The Invisible Circus - Jennifer Egan [89]
Eventually Phoebe replaced the snapshots in their envelope, keeping aside the one of Faith in the Hofgarten. She returned the carved box to its shelf and went to the living room, where she paced, photograph in hand. Still holding it, she finally turned out the lights and lay rigid in her makeshift bed, eyes tightly closed, pulse hammering at her throat. It was impossible to sleep, yet she must have slept, for the sound of keys in the lock made her start awake and lie motionless, searching for her bearings. At the front door Wolf and Carla were quietly removing their jackets, a cigarette smell from their clothes seeping to where Phoebe lay. Soon their murky shapes crept toward the bedroom, Carla first, then Wolf, who shut the door behind him. Phoebe heard the bathroom sink, the flushing toilet. Then the stripe of light vanished from under the door and she thought she heard the sigh of bedsprings as Wolf and Carla lay down together on that soft mattress. Phoebe was filled with sudden dread of what else she might hear. Her mind reeled with the memory of Wolf and Carla kissing hello, lips meeting so easily, bodies that had met perhaps hundreds of times in a way Phoebe couldn’t fathom. She threw off her blanket, sweating now, fixed her eyes on the door. I’ll die if I hear anything, she thought, I will die. But she didn’t. She heard nothing at all.
sixteen
She was back in the Hofgarten by noon the next day. Everywhere Phoebe looked were things her sister might have seen: trees sharp as etchings, pebbles like tiny jewels under her feet, the black dome swollen and tender as a fresh moon.
Wolf and Carla had gone off early that morning to look at apartments. When Phoebe returned at three-fifteen, Wolf was already back. On the table lay a map he’d drawn, directing her to the bar where he and Carla had eaten lunch. “Long walk,” he said.
“I went back to the Hofgarten,” Phoebe said, and peered at Wolf’s face. She saw nothing.
“I brought you a sandwich,” he said.
He sat with Phoebe while she ate, then went back to his room to work, bare feet snapping on the polished floor. Phoebe removed Faith’s picture from her purse and paced the apartment, anxiety and excitement constricting her chest. Finally she knocked at Wolf’s door. He sat at his desk. “What’s up?” he said.
She handed him the picture. Wolf took its edge, studying the image of Faith as though he’d never seen it before. He turned the picture over. “Where did this come from?”
“Your box.”
Wolf shook his head, smiling as if a joke had been made at his own expense. Yet he didn’t seem surprised. His eyes wandered again to the picture.
“So she did come back,” Phoebe said.
“She did,” Wolf said. “She came back.”
Tiredly he rose from his chair, took off his glasses and rubbed his eyes hard with the heels of both hands. Then he stepped to the window and looked outside. Someone was cutting trees, an electric saw chewing at the silence.

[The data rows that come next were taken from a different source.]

lemma grad_Vh_bounded:
  assumes "v \<in> Vh Tr"
  shows "\<exists>B. \<forall>x\<in>\<Union>(interior ` Tr). norm (grad v x) \<le> B"
proof -
  obtain a where a: "\<forall>K\<in>Tr. \<forall>x\<in>interior K. GDERIV v x :> a K" using Vh_gderiv[OF assms] by blast
  have "norm (grad v x) \<le> (\<Sum>K\<in>Tr. norm (a K))" if x: "x \<in> \<Union>(interior ` Tr)" for x
  proof -
    obtain K where K: "K \<in> Tr" "x \<in> interior K" using x by blast
    then have "grad v x = a K" using a by (simp add: grad_eqI)
    moreover have "norm (a K) \<le> (\<Sum>K\<in>Tr. norm (a K))"
      using K(1) finite_Tr by (intro member_le_sum) auto
    ultimately show ?thesis by simp
  qed
  then show ?thesis by blast
qed

lemma absolutely_integrable_grad_Vh:
  assumes "u \<in> Vh Tr" "v \<in> Vh Tr"
  shows "(\<lambda>x. grad u x \<bullet> grad v x) absolutely_integrable_on (\<Omega> \<inter> \<Union>(interior ` Tr))"
proof -
  obtain Bu Bv where Bu: "\<forall>x\<in>\<Union>(interior ` Tr). norm (grad u x) \<le> Bu"
    and Bv: "\<forall>x\<in>\<Union>(interior ` Tr). norm (grad v x) \<le> Bv"
    using grad_Vh_bounded assms by metis
  show ?thesis
  proof (rule absolutely_integrable_bounded_lmeasurable)
    show "\<Omega> \<inter> \<Union>(interior ` Tr) \<in> lmeasurable"
      by (rule lmeasurable_element_interiors)
    then show "(\<lambda>x. grad u x \<bullet> grad v x) \<in> borel_measurable (lebesgue_on (\<Omega> \<inter> \<Union>(interior ` Tr)))"
      using assms by (intro continuous_imp_measurable_on_sets_lebesgue continuous_intros
          continuous_on_subset[OF continuous_on_grad_Vh]) auto
    show "\<bar>grad u x \<bullet> grad v x\<bar> \<le> Bu * Bv" if "x \<in> \<Omega> \<inter> \<Union>(interior ` Tr)" for x
      using Cauchy_Schwarz_ineq2[of "grad u x" "grad v x"]
        mult_mono'[of "norm (grad u x)" Bu "norm (grad v x)" Bv]
        Bu Bv that by auto
  qed
qed
lemma approximating_sequence:
  assumes dense: "\<And>m. \<forall>y\<in>U (j m). N.adherent (f ` V m) y" and y: "y \<in> U (j n)"
  shows "\<exists>S. \<forall>k. (S k \<in> V n \<and> y \<ominus>\<^bsub>N\<^esub> f (S k) \<in> U (j (n + k))) \<and> S (Suc k) \<ominus>\<^bsub>M\<^esub> S k \<in> V (n + k)"
proof (rule dependent_nat_choice)
  have "y \<in> carrier N"
    using y by (rule N.U_carrier)
  with y show "\<exists>s. s \<in> V n \<and> y \<ominus>\<^bsub>N\<^esub> f s \<in> U (j (n + 0))"
    by (intro exI[of _ "\<zero>\<^bsub>M\<^esub>"]) simp
next
  fix s k assume s: "s \<in> V n \<and> y \<ominus>\<^bsub>N\<^esub> f s \<in> U (j (n + k))"
  then obtain t where t: "t \<in> V (n + k)" "f t \<ominus>\<^bsub>N\<^esub> (y \<ominus>\<^bsub>N\<^esub> f s) \<in> U (j (n + Suc k))"
    using dense unfolding N.adherent_def by blast
  have sc: "s \<in> carrier M" and tc: "t \<in> carrier M" and yc: "y \<in> carrier N"
    using s t(1) y M.U_carrier N.U_carrier by blast+
  have "\<ominus>\<^bsub>N\<^esub> (f t \<ominus>\<^bsub>N\<^esub> (y \<ominus>\<^bsub>N\<^esub> f s)) = (y \<ominus>\<^bsub>N\<^esub> f s) \<ominus>\<^bsub>N\<^esub> f t"
    using sc tc yc by (simp add: N.a_inv_minus)
  also have "\<dots> = y \<ominus>\<^bsub>N\<^esub> f (s \<oplus>\<^bsub>M\<^esub> t)"
    using sc tc yc by (simp add: N.minus_eq N.minus_add N.a_ac)
  finally have "y \<ominus>\<^bsub>N\<^esub> f (s \<oplus>\<^bsub>M\<^esub> t) \<in> U (j (n + Suc k))"
    using N.U_a_inv[OF t(2)] by simp
  moreover have "s \<oplus>\<^bsub>M\<^esub> t \<in> V n"
    using M.U_add[OF conjunct1[OF s] M.U_mono[OF _ t(1)]] by simp
  moreover have "(s \<oplus>\<^bsub>M\<^esub> t) \<ominus>\<^bsub>M\<^esub> s \<in> V (n + k)"
    using M.add_minus_cancel_left[OF sc tc] t(1) by simp
  ultimately show "\<exists>s'. (s' \<in> V n \<and> y \<ominus>\<^bsub>N\<^esub> f s' \<in> U (j (n + Suc k))) \<and> s' \<ominus>\<^bsub>M\<^esub> s \<in> V (n + k)"
    by blast
qed
(* For every formula $\phi$: $\vdash\phi$ if and only if $\phi$ is valid (true at every state of every LIiP-model).
   Context: Syntax and proof system. Fix a finite set $\mathcal{A}$ of agent names containing a distinguished name $\mathsf{CM}$ (the communication medium). Messages are the terms generated by $M ::= a \mid B \mid (M,M)$, where $a\in\mathcal{A}$, $B$ ranges over an optional (possibly empty) set of further application-specific data constants, and $(M,M')$ is a pair. Let $\mathcal{P}$ be a denumerable set of propositional variables containing, for every $a\in\mathcal{A}$ and every message $M$, a distinguished atom $\mathsf{k}_a(M)$ ("$a$ knows $M$"). Formulas: $\phi ::= P \mid \phi\wedge\phi \mid \phi\vee\phi \mid \neg\phi \mid \phi\to\phi \mid [M]\phi$ ($P\in\mathcal{P}$, $M$ a message; $[M]\phi$ reads "$M$ can intuitionistically prove $\phi$ to $\mathsf{CM}$"). Abbreviations: $\mathrm{true}:=\mathsf{k}_{\mathsf{CM}}(\mathsf{CM})$, $\mathrm{false}:=\neg\mathrm{true}$, $\phi\leftrightarrow\psi:=(\phi\to\psi)\wedge(\psi\to\phi)$, $\langle M\rangle\phi:=\neg\neg(\mathsf{k}_{\mathsf{CM}}(M)\wedge\phi)$. LIiP is the smallest set of formulas that contains all instances (arbitrary $a$, $M,M'$, $\phi,\psi$) of: the axioms of an adequate Hilbert axiomatization of intuitionistic propositional logic; $\mathsf{k}_a(a)$; $(\mathsf{k}_a(M)\wedge\mathsf{k}_a(M'))\leftrightarrow\mathsf{k}_a((M,M'))$; $[M]\mathsf{k}_{\mathsf{CM}}(M)$; $[M](\phi\to\psi)\to([M]\phi\to[M]\psi)$; $[M]\phi\to(\mathsf{k}_{\mathsf{CM}}(M)\to\phi)$; $[M]\phi\to\langle M\rangle\phi$; $\phi\to[M]\phi$; and is closed under modus ponens and the rule: if $\mathsf{k}_{\mathsf{CM}}(M)\to\mathsf{k}_{\mathsf{CM}}(M')$ is in the set then so is $[M']\phi\to[M]\phi$ for every $\phi$. Write $\vdash\phi$ for $\phi\in\mathrm{LIiP}$. Semantics. An LIiP-model is $(\mathcal{S},\sqsubseteq,\{R_M\}_M,\{D_a\}_{a\in\mathcal{A}},\mathcal{V})$ where $\mathcal{S}$ is a nonempty set of states, $\sqsubseteq$ a partial order on $\mathcal{S}$, $D_a(s)$ a set of messages for each agent $a$ and state $s$, and $\mathrm{cl}_a(s)$ denotes the smallest set of messages containing $a$ and $D_a(s)$ that is closed under forming pairs of its elements and under taking both components of pairs in it. $\mathcal{V}:\mathcal{P}\to 2^{\mathcal{S}}$ satisfies $\mathcal{V}(\mathsf{k}_a(M))=\{s: M\in\mathrm{cl}_a(s)\}$ and is upward closed: $s\in\mathcal{V}(P)$ and $s\sqsubseteq s'$ imply $s'\in\mathcal{V}(P)$. Write $M\preceq M'$ iff for all $s\in\mathcal{S}$, $M\in\mathrm{cl}_{\mathsf{CM}}(s)$ implies $M'\in\mathrm{cl}_{\mathsf{CM}}(s)$. The relations $R_M\subseteq\mathcal{S}\times\mathcal{S}$ satisfy: (i) $sR_Ms'$ implies $M\in\mathrm{cl}_{\mathsf{CM}}(s')$; (ii) $M\in\mathrm{cl}_{\mathsf{CM}}(s)$ implies $sR_Ms$; (iii) for every $s$ there is $s'$ with $sR_Ms'$; (iv) $R_M\subseteq R_{\mathsf{CM}}={\sqsubseteq}$; (v) if $sR_{\mathsf{CM}}t$ and $tR_Mu$ then $sR_Mu$; (vi) $M\preceq M'$ implies $R_M\subseteq R_{M'}$. Satisfaction: $s\models P$ iff $s\in\mathcal{V}(P)$; $\wedge,\vee$ are evaluated classically at $s$; $s\models\neg\phi$ iff no $s'\sqsupseteq s$ satisfies $\phi$; $s\models\phi\to\psi$ iff every $s'\sqsupseteq s$ satisfying $\phi$ satisfies $\psi$; $s\models[M]\phi$ iff every $s'$ with $sR_Ms'$ satisfies $\phi$. A formula is valid iff it is true at every state of every LIiP-model. *)

theory Defs
  imports Main "HOL-Library.Countable_Set"
begin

“Faith made me swear I wouldn’t talk about it,” he said. “To anyone, especially her family. But I guess you’ve got a right to know, and anyway, at this rate you’ll find out with or without me.”
“I’m sorry,” Phoebe said, shamed by the memory of pawing through Wolf’s sparse possessions.
“You do what you do.”
“It was wrong, though,” she said, wanting him to forgive her. “It was.”
“You did it.”
There was a pause. “Why did she make you swear?” Phoebe said.
“She got into a thing in Berlin she wanted off the record.”
Here was a turn Phoebe hadn’t expected. “What kind of thing?” she asked fearfully.
Wolf glanced at his desk, noticed he’d left the cap off his needle pen and carefully swiveled it on. “Let’s get out of this room,” he said. Phoebe sensed his wish to quarantine Faith, away from his work and desk and bed. The thought saddened her.